lemma loc_dvd_imp_local_dvd:
  fixes R (structure)
  assumes "primeideal M R" and a: "a \<in> carrier R" and b: "b \<in> carrier R"
    and C: "C \<in> carrier (localization R M)"
    and eq: "loc_class R M (a, \<one>\<^bsub>R\<^esub>) = C \<otimes>\<^bsub>localization R M\<^esub> loc_class R M (b, \<one>\<^bsub>R\<^esub>)"
  shows "\<exists>t \<in> carrier R - M. \<exists>c \<in> carrier R. t \<otimes>\<^bsub>R\<^esub> a = c \<otimes>\<^bsub>R\<^esub> b"
proof -
  interpret primeideal M R by fact
  let ?Y = "loc_class R M (b, \<one>)"
  have Y: "?Y \<in> carrier (localization R M)"
    by (rule loc_class_in_carrier[OF b one_notin])
  obtain c s where cs: "loc_rep C = (c, s)"
    by (cases "loc_rep C")
  with loc_rep_in_class[OF ring_axioms C] loc_carrier_subset[OF C]
  have c: "c \<in> carrier R" and s: "s \<in> carrier R - M"
    by auto
  obtain b' t' where bt: "loc_rep ?Y = (b', t')"
    by (cases "loc_rep ?Y")
  with loc_rep_in_class[OF ring_axioms Y] have "((b, \<one>), (b', t')) \<in> loc_rel R M"
    unfolding loc_class_def by simp
  then obtain u where b': "b' \<in> carrier R" and t': "t' \<in> carrier R - M"
    and u: "u \<in> carrier R - M" "u \<otimes> (b \<otimes> t' \<ominus> b' \<otimes> \<one>) = \<zero>"
    unfolding loc_rel_def by auto
  have "C \<otimes>\<^bsub>localization R M\<^esub> ?Y = loc_class R M (c \<otimes> b', s \<otimes> t')"
    using cs bt by (simp add: localization_def)
  moreover have "(a, \<one>) \<in> loc_class R M (a, \<one>)"
    using loc_rel_refl[OF ring_axioms a one_notin] unfolding loc_class_def by simp
  ultimately have "((c \<otimes> b', s \<otimes> t'), (a, \<one>)) \<in> loc_rel R M"
    using eq unfolding loc_class_def by simp
  then obtain v where v: "v \<in> carrier R - M" "v \<otimes> (c \<otimes> b' \<otimes> \<one> \<ominus> a \<otimes> (s \<otimes> t')) = \<zero>"
    unfolding loc_rel_def by auto
  have ub: "u \<otimes> (b \<otimes> t') = u \<otimes> b'"
    using eq_if_annihilates_diff[OF u(2)] u b b' t' by simp
  have va: "v \<otimes> (c \<otimes> b') = v \<otimes> (a \<otimes> (s \<otimes> t'))"
    using eq_if_annihilates_diff[OF v(2)] v a b' t' c s by simp
  have "(u \<otimes> v \<otimes> s \<otimes> t') \<otimes> a = u \<otimes> (v \<otimes> (a \<otimes> (s \<otimes> t')))"
    using u v c s t' a by (simp add: m_ac)
  also have "\<dots> = u \<otimes> (v \<otimes> (c \<otimes> b'))"
    using va by simp
  also have "\<dots> = v \<otimes> c \<otimes> (u \<otimes> b')"
    using u v c b' by (simp add: m_ac)
  also have "\<dots> = v \<otimes> c \<otimes> (u \<otimes> (b \<otimes> t'))"
    using ub by simp
  also have "\<dots> = (u \<otimes> v \<otimes> c \<otimes> t') \<otimes> b"
    using u v c s t' b by (simp add: m_ac)
  finally have "(u \<otimes> v \<otimes> s \<otimes> t') \<otimes> a = (u \<otimes> v \<otimes> c \<otimes> t') \<otimes> b" .
  moreover have "u \<otimes> v \<otimes> s \<otimes> t' \<in> carrier R - M"
    by (intro m_closed_compl u(1) v(1) s t')
  moreover have "u \<otimes> v \<otimes> c \<otimes> t' \<in> carrier R"
    using u v c t' by simp
  ultimately show ?thesis
    by blast
qed

lemma valuation_loc_imp_local_comparable:
  fixes R (structure)
  assumes "primeideal M R" and "valuation_ring (localization R M)"
    and a: "a \<in> carrier R" and b: "b \<in> carrier R"
  shows "\<exists>t \<in> carrier R - M. \<exists>c \<in> carrier R. t \<otimes> a = c \<otimes> b \<or> t \<otimes> b = c \<otimes> a"
proof -
  interpret primeideal M R by fact
  let ?S = "localization R M"
  interpret S: cring ?S
    using assms(2) unfolding valuation_ring_def by blast
  let ?X = "loc_class R M (a, \<one>)" and ?Y = "loc_class R M (b, \<one>)"
  have X: "?X \<in> carrier ?S" and Y: "?Y \<in> carrier ?S"
    using loc_class_in_carrier[OF a one_notin] loc_class_in_carrier[OF b one_notin] by auto
  have "PIdl\<^bsub>?S\<^esub> ?X \<subseteq> PIdl\<^bsub>?S\<^esub> ?Y \<or> PIdl\<^bsub>?S\<^esub> ?Y \<subseteq> PIdl\<^bsub>?S\<^esub> ?X"
    using assms(2) S.cgenideal_ideal[OF X] S.cgenideal_ideal[OF Y] unfolding valuation_ring_def by blast
  then show ?thesis
  proof
    assume "PIdl\<^bsub>?S\<^esub> ?X \<subseteq> PIdl\<^bsub>?S\<^esub> ?Y"
    with S.cgenideal_self[OF X] obtain C where "C \<in> carrier ?S" "?X = C \<otimes>\<^bsub>?S\<^esub> ?Y"
      unfolding cgenideal_def by auto
    from loc_dvd_imp_local_dvd[OF assms(1) a b this] show ?thesis by blast
  next
    assume "PIdl\<^bsub>?S\<^esub> ?Y \<subseteq> PIdl\<^bsub>?S\<^esub> ?X"
    with S.cgenideal_self[OF Y] obtain C where "C \<in> carrier ?S" "?Y = C \<otimes>\<^bsub>?S\<^esub> ?X"
      unfolding cgenideal_def by auto
    from loc_dvd_imp_local_dvd[OF assms(1) b a this] show ?thesis by blast
  qed
qed

text \<open>The preimage in \<open>R\<close> of the nilradical of \<open>R\<^sub>M\<close>: \<open>r/1\<close> is nilpotent in \<open>R\<^sub>M\<close>.\<close>

definition loc_nilradical :: "('a, 'b) ring_scheme \<Rightarrow> 'a set \<Rightarrow> 'a set" where
  "loc_nilradical R M =
     {r \<in> carrier R. \<exists>t \<in> carrier R - M. \<exists>n::nat. (t \<otimes>\<^bsub>R\<^esub> r) [^]\<^bsub>R\<^esub> n = \<zero>\<^bsub>R\<^esub>}"

context cring
begin

lemma loc_nilradical_subset_prime:
  assumes "primeideal P R" and "P \<subseteq> M"
  shows "loc_nilradical R M \<subseteq> P"
proof
  interpret P: primeideal P R by fact
  fix r assume "r \<in> loc_nilradical R M"
  then obtain t n where r: "r \<in> carrier R" and t: "t \<in> carrier R - M" and "(t \<otimes> r) [^] (n::nat) = \<zero>"
    unfolding loc_nilradical_def by auto
  then have "t \<otimes> r \<in> P"
    using P.pow_mem_imp_mem[of "t \<otimes> r" n] P.I_prime by simp
  then show "r \<in> P"
    using P.I_prime[of t r] t r assms(2) by auto
qed

lemma loc_nilradical_dvd_closed:
  assumes "primeideal M R" and b: "b \<in> loc_nilradical R M" and w: "w \<in> carrier R - M"
    and x: "x \<in> carrier R" and k: "k \<in> carrier R" and eq: "w \<otimes> x = k \<otimes> b"
  shows "x \<in> loc_nilradical R M"
proof -
  obtain t n where t: "t \<in> carrier R - M" and tb: "(t \<otimes> b) [^] (n::nat) = \<zero>" and bc: "b \<in> carrier R"
    using b unfolding loc_nilradical_def by auto
  have "(t \<otimes> w \<otimes> x) [^] n = (k \<otimes> (t \<otimes> b)) [^] n"
    using t w x k bc eq by (metis DiffD1 m_assoc m_lcomm)
  also have "\<dots> = \<zero>"
    using tb t k bc by (simp add: nat_pow_distrib)
  finally show ?thesis
    using x primeideal.m_closed_compl[OF assms(1) t w] unfolding loc_nilradical_def by blast
qed
(* Let $\sigma_1=1.5002$ and $2\le H\le T$. Then \[ \int_H^T\log|\zeta(\sigma_1+it)|\,dt\ge -1.7655. \]
   Context: $\zeta$ is the Riemann zeta function. *)

theory Defs
  imports "HOL-Analysis.Analysis"
begin

text \<open>Riemann zeta function on the half-plane Re s > 1, given by its Dirichlet series
  (the only region needed here). Outside Re s > 1 the value is irrelevant.\<close>
definition zeta :: "complex \<Rightarrow> complex" where
  "zeta s = (\<Sum>n. 1 / (of_nat (Suc n)) powr s)"

end

theory Submission
  imports Defs "HOL-Number_Theory.Prime_Powers" "HOL-Real_Asymp.Real_Asymp"
begin

(* For Re s > 1 the logarithm of zeta is the Dirichlet series  log zeta(s) = sum_n b_n n^-s  with
   b_n = Lambda(n) / ln n.  We prove this without Euler products: both series are differentiable, the
   Dirichlet convolution identity  zeta * (sum Lambda(n) n^-s) = sum ln(n) n^-s  shows that
   zeta(s) exp(-log zeta(s)) has derivative 0, and the limit along the real axis fixes the constant.
   Taking real parts, ln |zeta(sigma + it)| = sum_n c_n cos(t ln n) with c_n = b_n n^-sigma >= 0,
   and the series may be integrated termwise, giving sum_n c_n (sin(T ln n) - sin(H ln n)) / ln n.

   The terms are split by parity.  The even terms live on n = 2^k; writing x = 2^-sigma they form
   (S(T ln 2) + S(-H ln 2)) / ln 2 with S(psi) = sum_k x^k/k^2 sin(k psi), and an elementary
   trigonometric inequality for the first two harmonics bounds S from below.  Each odd term is
   bounded in absolute value by 2 Lambda(n) n^-(3/2) / ln(n)^2; these weights are summed
   numerically over n < 51 (with certified lower bounds for logarithms) and by a telescoping
   bound beyond.  The argument only uses sigma >= 3/2, so the final theorem (sigma = 1.5002) is an
   instance of the bound integral_ln_zeta_lower_bound, valid for all sigma >= 3/2. *)

section \<open>The terms n powr (-s) of a Dirichlet series\<close>

(* The term n^-s, with the convention 0^-s = 0 so that series may start at n = 0. *)
definition npow :: "nat \<Rightarrow> complex \<Rightarrow> complex" where
  "npow n s = of_nat n powr (- s)"

lemma npow_0 [simp]: "npow 0 s = 0"
  by (simp add: npow_def)

lemma npow_1 [simp]: "npow (Suc 0) s = 1"
  by (simp add: npow_def)

lemma norm_npow: "cmod (npow n s) = real n powr (- Re s)"
  unfolding npow_def by (subst norm_powr_real_powr) auto

lemma norm_npow_le:
  assumes "a \<le> Re s"
  shows "cmod (npow n s) \<le> real n powr (- a)"
proof (cases "n = 0")
  case False
  then show ?thesis unfolding norm_npow using assms by (intro powr_mono) auto
qed (simp add: norm_npow)

lemma npow_mult: "npow (m * k) s = npow m s * npow k s"
  unfolding npow_def of_nat_mult by (rule powr_times_real) auto

lemma has_field_derivative_npow:
  "((\<lambda>s. npow n s) has_field_derivative (- of_real (ln (real n)) * npow n s)) (at s)"
proof (cases "n = 0")
  case False
  have "((\<lambda>s. of_nat n powr (- s)) has_field_derivative Ln (of_nat n) * of_nat n powr (- s) * (- 1)) (at s)"
    using False by (intro DERIV_chain2[OF has_field_derivative_powr_right] derivative_eq_intros) auto
  then show ?thesis using False unfolding npow_def by (simp add: algebra_simps)
qed (simp add: npow_def)

lemma Re_npow: "Re (npow n (Complex \<sigma> t)) = real n powr (- \<sigma>) * cos (t * ln (real n))"
proof (cases "n = 0")
  case False
  have "npow n (Complex \<sigma> t) = exp (- Complex \<sigma> t * of_real (ln (real n)))"
    using False by (simp add: npow_def powr_def)
  then show ?thesis
    using False by (simp add: Re_exp powr_def)
qed simp

lemma ln_nat_nonneg [simp]: "0 \<le> ln (real n)"
  by (cases n) auto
*****
### ABOUT THIS EXERCISE
Transcribe the entries above word for word, from the first line through the line containing "M (a, \<one>\<^bsub>R\<^esub>)", and nothing else.

### RESULT FOR THIS TASK
lemma loc_dvd_imp_local_dvd:
  fixes R (structure)
  assumes "primeideal M R" and a: "a \<in> carrier R" and b: "b \<in> carrier R"
    and C: "C \<in> carrier (localization R M)"
    and eq: "loc_class R M (a, \<one>\<^bsub>R\<^esub>) = C \<otimes>\<^bsub>localization R M\<^esub> loc_class R M (b, \<one>\<^bsub>R\<^esub>)"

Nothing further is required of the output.